Madrid – Real Madrid resmi memulai babak baru dengan menunjuk Jose Mourinho sebagai pelatih kepala untuk musim depan. Kembalinya pelatih asal Portugal itu menandai reuni setelah lebih dari satu dekade berpisah dengan klub raksasa Spanyol tersebut.
Pengumuman resmi disampaikan klub pada Kamis (11/6/2026) waktu setempat. Dalam pernyataannya, Real Madrid mengontrak Mourinho selama tiga musim hingga 30 Juni 2029.
Mourinho dijadwalkan mulai memimpin latihan pada 13 Juli mendatang bertepatan dengan dimulainya agenda pramusim. Untuk mendapatkan jasa pelatih berusia 63 tahun itu, Real Madrid dikabarkan harus menebus klausul kontraknya di Benfica senilai 15 juta euro karena masih terikat hingga 2027.
Kepulangan Mourinho tidak sekadar menjadi nostalgia. Manajemen Los Blancos memberikan mandat besar kepadanya untuk mengembalikan dominasi klub setelah gagal meraih satu pun trofi bergengsi dalam dua musim terakhir.
Periode sulit tersebut terjadi di bawah kepemimpinan Carlo Ancelotti, Xabi Alonso, hingga Alvaro Arbeloa yang belum mampu membawa Madrid kembali ke puncak kejayaan. Kondisi itu membuat Presiden Florentino Perez akhirnya menjatuhkan pilihan kepada Mourinho, sosok yang dikenal memiliki karakter kuat dalam membangun mental juara.
Ini menjadi periode kedua Mourinho menangani Real Madrid. Pada masa kepemimpinan pertamanya antara 2010 hingga 2013, ia sukses mempersembahkan tiga gelar, yakni LaLiga, Copa del Rey, dan Piala Super Spanyol.

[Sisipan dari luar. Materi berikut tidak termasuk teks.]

lemma is_cycleD:
  assumes "is_cycle K c n"
  shows "3 \<le> n" "inj_on c {..<n}" "i < n \<Longrightarrow> {c i} \<in> K"
    "i < n \<Longrightarrow> {c i, c ((i + 1) mod n)} \<in> K" "i < n \<Longrightarrow> c i \<in> vertices K"
  using assms unfolding is_cycle_def cycle_subcomplex_def vertices_def by blast+

lemma is_cycleI:
  assumes "3 \<le> n" "inj_on c {..<n}" "\<And>i. i < n \<Longrightarrow> {c i} \<in> K"
    "\<And>i. i < n \<Longrightarrow> {c i, c ((i + 1) mod n)} \<in> K"
  shows "is_cycle K c n"
  using assms unfolding is_cycle_def cycle_subcomplex_def by blast

lemma full_cycle_iff_indices:
  "full_cycle K c n \<longleftrightarrow>
     is_cycle K c n \<and> (\<forall>J \<subseteq> {..<n}. c ` J \<in> K \<longrightarrow> J \<in> cycle_subcomplex id n)"
proof (cases "is_cycle K c n")
  case True
  then have "inj_on c {..<n}" "0 < n"
    using is_cycleD(1,2) by fastforce+
  then have "c ` J \<in> cycle_subcomplex c n \<longleftrightarrow> J \<in> cycle_subcomplex id n" if "J \<subseteq> {..<n}" for J
    using image_in_cycle_subcomplex_iff that by blast
  with True show ?thesis
    unfolding full_cycle_def subset_image_iff by blast
qed (simp add: full_cycle_def)

lemma full_cycle_imp_is_cycle: "full_cycle K c n \<Longrightarrow> is_cycle K c n"
  unfolding full_cycle_def by blast

lemma full_cycle_indices:
  "full_cycle K c n \<Longrightarrow> J \<subseteq> {..<n} \<Longrightarrow> c ` J \<in> K \<Longrightarrow> J \<in> cycle_subcomplex id n"
  unfolding full_cycle_iff_indices by blast

lemma adjacent_full_cycle_iff:
  assumes "full_cycle K c n" "i < n" "j < n" "i \<noteq> j"
  shows "adjacent K (c i) (c j) \<longleftrightarrow> j = (i + 1) mod n \<or> i = (j + 1) mod n"
proof -
  have cycle: "is_cycle K c n"
    using full_cycle_imp_is_cycle[OF assms(1)] .
  have "c i \<noteq> c j"
    using is_cycleD(2)[OF cycle] assms(2-4) by (auto dest: inj_onD)
  then have "adjacent K (c i) (c j) \<longleftrightarrow> c ` {i, j} \<in> K"
    by (simp add: adjacent_iff_edge)
  also have "\<dots> \<longleftrightarrow> {i, j} \<in> cycle_subcomplex id n"
  proof
    assume "{i, j} \<in> cycle_subcomplex id n"
    then have "c ` {i, j} \<in> cycle_subcomplex c n"
      unfolding cycle_subcomplex_eq_image[of c] by blast
    then show "c ` {i, j} \<in> K"
      using cycle unfolding is_cycle_def by blast
  qed (use full_cycle_indices[OF assms(1)] assms(2,3) in auto)
  finally show ?thesis
    using doubleton_in_cycle_subcomplex_id assms(2-4) by blast
qed

lemma flag_full_cycle_length_ge_4:
  assumes "flag K" "full_cycle K c n"
  shows "4 \<le> n"
proof (rule ccontr)
  assume "\<not> 4 \<le> n"
  moreover have cycle: "is_cycle K c n"
    using full_cycle_imp_is_cycle[OF assms(2)] .
  ultimately have n: "n = 3"
    using is_cycleD(1) by fastforce
  \<comment> \<open>in a 3-cycle any two vertices are neighbours, so flagness fills in the triangle\<close>
  have "c ` {..<n} \<in> K"
  proof (rule flag_simplexI[OF assms(1)])
    show "finite (c ` {..<n})"
      by simp
    show "c ` {..<n} \<noteq> {}"
      using n by (simp add: lessThan_empty_iff)
    show "c ` {..<n} \<subseteq> vertices K"
      using is_cycleD(5)[OF cycle] by blast
    fix x y assume "x \<in> c ` {..<n}" "y \<in> c ` {..<n}" "x \<noteq> y"
    then obtain i j where ij: "i < n" "j < n" "i \<noteq> j" "x = c i" "y = c j"
      by blast
    then have "j = (i + 1) mod n \<or> i = (j + 1) mod n"
      unfolding n by presburger
    then show "adjacent K x y"
      using adjacent_full_cycle_iff[OF assms(2) ij(1-3)] ij(4,5) by simp
  qed
  then have "{..<n} \<in> cycle_subcomplex id n"
    using full_cycle_indices[OF assms(2)] by blast
  then obtain i j where "{..<n} = {i, j}"
    unfolding cycle_subcomplex_def by auto
  then have "n = card {i, j}"
    by (metis card_lessThan)
  also have "\<dots> \<le> 2"
    by (cases "i = j") simp_all
  finally show False
    using n by simp
qed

Meski gagal mengantar Madrid menjuarai Liga Champions, Mourinho kala itu berhasil membangun fondasi tim yang kemudian menjadi cikal bakal dominasi Los Blancos di Eropa beberapa tahun setelah kepergiannya.

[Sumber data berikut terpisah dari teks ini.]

(* For every finite simple graph $H$: (i) $\rho(H)\le\rho_R(H)$. (ii) If $H'$ is obtained from $H$ by removing some edges (keeping all vertices), then $\rho_R(H')\ge\rho_R(H)$. (iii) If $H$ is the union of two vertex-disjoint graphs $H_1$ and $H_2$ together with possibly some additional edges between $V(H_1)$ and $V(H_2)$, and $m(H_1,H_2)$ denotes the number of pairs $(u,v)$ with $u\in V(H_1)$, $v\in V(H_2)$, $uv\notin E(H)$, then $$\rho_R(H_1)+\rho_R(H_2)\le\rho_R(H)\le\rho_R(H_1)+\rho_R(H_2)+m(H_1,H_2).$$
   Context: All graphs are finite and simple. A coloring means a proper vertex coloring; an induced subgraph is rainbow if all its vertices have pairwise different colors. $\rho(H)$ is the least number $m$ such that some graph $G$ on $m$ vertices has the property that every proper vertex coloring of $G$ contains a rainbow induced subgraph isomorphic to $H$. If $V(H)=\{h_1,\ldots,h_n\}$, a replication graph of $H$ is a graph $G$ obtained by replacing each vertex $h_i$ by a clique $K_i$ with $|K_i|\ge1$ (cliques pairwise vertex-disjoint), where two vertices in different cliques $K_i,K_j$ are adjacent iff $h_ih_j\in E(H)$. $\rho_R(H)$ is the minimum order of a replication graph $G$ of $H$ such that every proper vertex coloring of $G$ admits a choice of exactly one vertex from each clique $K_i$ with all chosen vertices of pairwise different colors (such a choice induces a rainbow copy of $H$). *)

theory Defs
  imports Main
begin

definition simple_graph :: "'a set \<Rightarrow> ('a \<Rightarrow> 'a \<Rightarrow> bool) \<Rightarrow> bool" where
  "simple_graph V E \<longleftrightarrow> finite V \<and>
     (\<forall>u v. E u v \<longrightarrow> u \<in> V \<and> v \<in> V \<and> u \<noteq> v \<and> E v u)"

definition proper_coloring :: "'a set \<Rightarrow> ('a \<Rightarrow> 'a \<Rightarrow> bool) \<Rightarrow> ('a \<Rightarrow> nat) \<Rightarrow> bool" where
  "proper_coloring V E c \<longleftrightarrow> (\<forall>u\<in>V. \<forall>v\<in>V. E u v \<longrightarrow> c u \<noteq> c v)"

definition has_rainbow_induced_copy ::
  "'a set \<Rightarrow> ('a \<Rightarrow> 'a \<Rightarrow> bool) \<Rightarrow> 'b set \<Rightarrow> ('b \<Rightarrow> 'b \<Rightarrow> bool) \<Rightarrow> ('b \<Rightarrow> nat) \<Rightarrow> bool" where
  "has_rainbow_induced_copy VH EH VG EG c \<longleftrightarrow>
     (\<exists>f. f ` VH \<subseteq> VG \<and> inj_on f VH \<and>
          (\<forall>u\<in>VH. \<forall>v\<in>VH. EG (f u) (f v) \<longleftrightarrow> EH u v) \<and>
          inj_on (c \<circ> f) VH)"

text \<open>rho(H): least m such that some graph on m vertices (w.l.o.g. vertex set {0..<m})
  has a rainbow induced copy of H in every proper coloring.\<close>
definition rho :: "'a set \<Rightarrow> ('a \<Rightarrow> 'a \<Rightarrow> bool) \<Rightarrow> nat" where
  "rho V E = (LEAST m. \<exists>EG :: nat \<Rightarrow> nat \<Rightarrow> bool. simple_graph {..<m} EG \<and>
       (\<forall>c. proper_coloring {..<m} EG c \<longrightarrow> has_rainbow_induced_copy V E {..<m} EG c))"

text \<open>Replication graph of H with clique sizes k: vertex h replaced by clique
  {(h,i) | i < k h}.\<close>
definition rep_V :: "'a set \<Rightarrow> ('a \<Rightarrow> nat) \<Rightarrow> ('a \<times> nat) set" where
  "rep_V V k = {(h, i). h \<in> V \<and> i < k h}"

definition rep_E :: "('a \<Rightarrow> 'a \<Rightarrow> bool) \<Rightarrow> ('a \<times> nat) \<Rightarrow> ('a \<times> nat) \<Rightarrow> bool" where
  "rep_E E x y \<longleftrightarrow> (fst x = fst y \<and> snd x \<noteq> snd y) \<or> (fst x \<noteq> fst y \<and> E (fst x) (fst y))"

definition rho_R :: "'a set \<Rightarrow> ('a \<Rightarrow> 'a \<Rightarrow> bool) \<Rightarrow> nat" where
  "rho_R V E = (LEAST m. \<exists>k :: 'a \<Rightarrow> nat. (\<forall>h\<in>V. 1 \<le> k h) \<and> (\<Sum>h\<in>V. k h) = m \<and>
       (\<forall>c. proper_coloring (rep_V V k) (rep_E E) c \<longrightarrow>
          (\<exists>s. (\<forall>h\<in>V. s h < k h) \<and> inj_on (\<lambda>h. c (h, s h)) V)))"

definition restr :: "('a \<Rightarrow> 'a \<Rightarrow> bool) \<Rightarrow> 'a set \<Rightarrow> 'a \<Rightarrow> 'a \<Rightarrow> bool" where
  "restr E A u v \<longleftrightarrow> E u v \<and> u \<in> A \<and> v \<in> A"

end

theory Submission
  imports Defs
begin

Pengalaman panjang di berbagai liga elite Eropa menjadi modal berharga bagi Mourinho. Setelah meninggalkan Madrid, ia sempat melatih Chelsea, Manchester United, Tottenham Hotspur, AS Roma, hingga Benfica.
Bersama Benfica pada musim lalu, Mourinho mencatatkan rekor impresif dengan membawa timnya tidak terkalahkan di kompetisi domestik. Namun, hasil itu belum cukup untuk mengantarkan Benfica menjadi juara karena hanya mampu finis di posisi ketiga di bawah Porto dan Sporting CP.
Trofi terakhir yang diraih Mourinho adalah UEFA Conference League bersama AS Roma pada 2022. Sementara gelar liga terakhirnya diperoleh saat membawa Chelsea menjuarai Premier League musim 2014/2015.
Kini, tantangan yang lebih besar menantinya di Santiago Bernabeu. Di tengah ekspektasi tinggi suporter dan tekanan untuk segera meraih prestasi, Mourinho diharapkan mampu mengembalikan identitas Real Madrid sebagai klub yang selalu bersaing di level tertinggi, baik di kompetisi domestik maupun Eropa.
Reuni antara Real Madrid dan Jose Mourinho pun menjadi salah satu cerita paling menarik dalam bursa pelatih musim ini. Publik kini menanti apakah “The Special One” mampu kembali menorehkan sejarah dan mengakhiri paceklik gelar yang dialami Los Blancos dalam dua musim terakhir.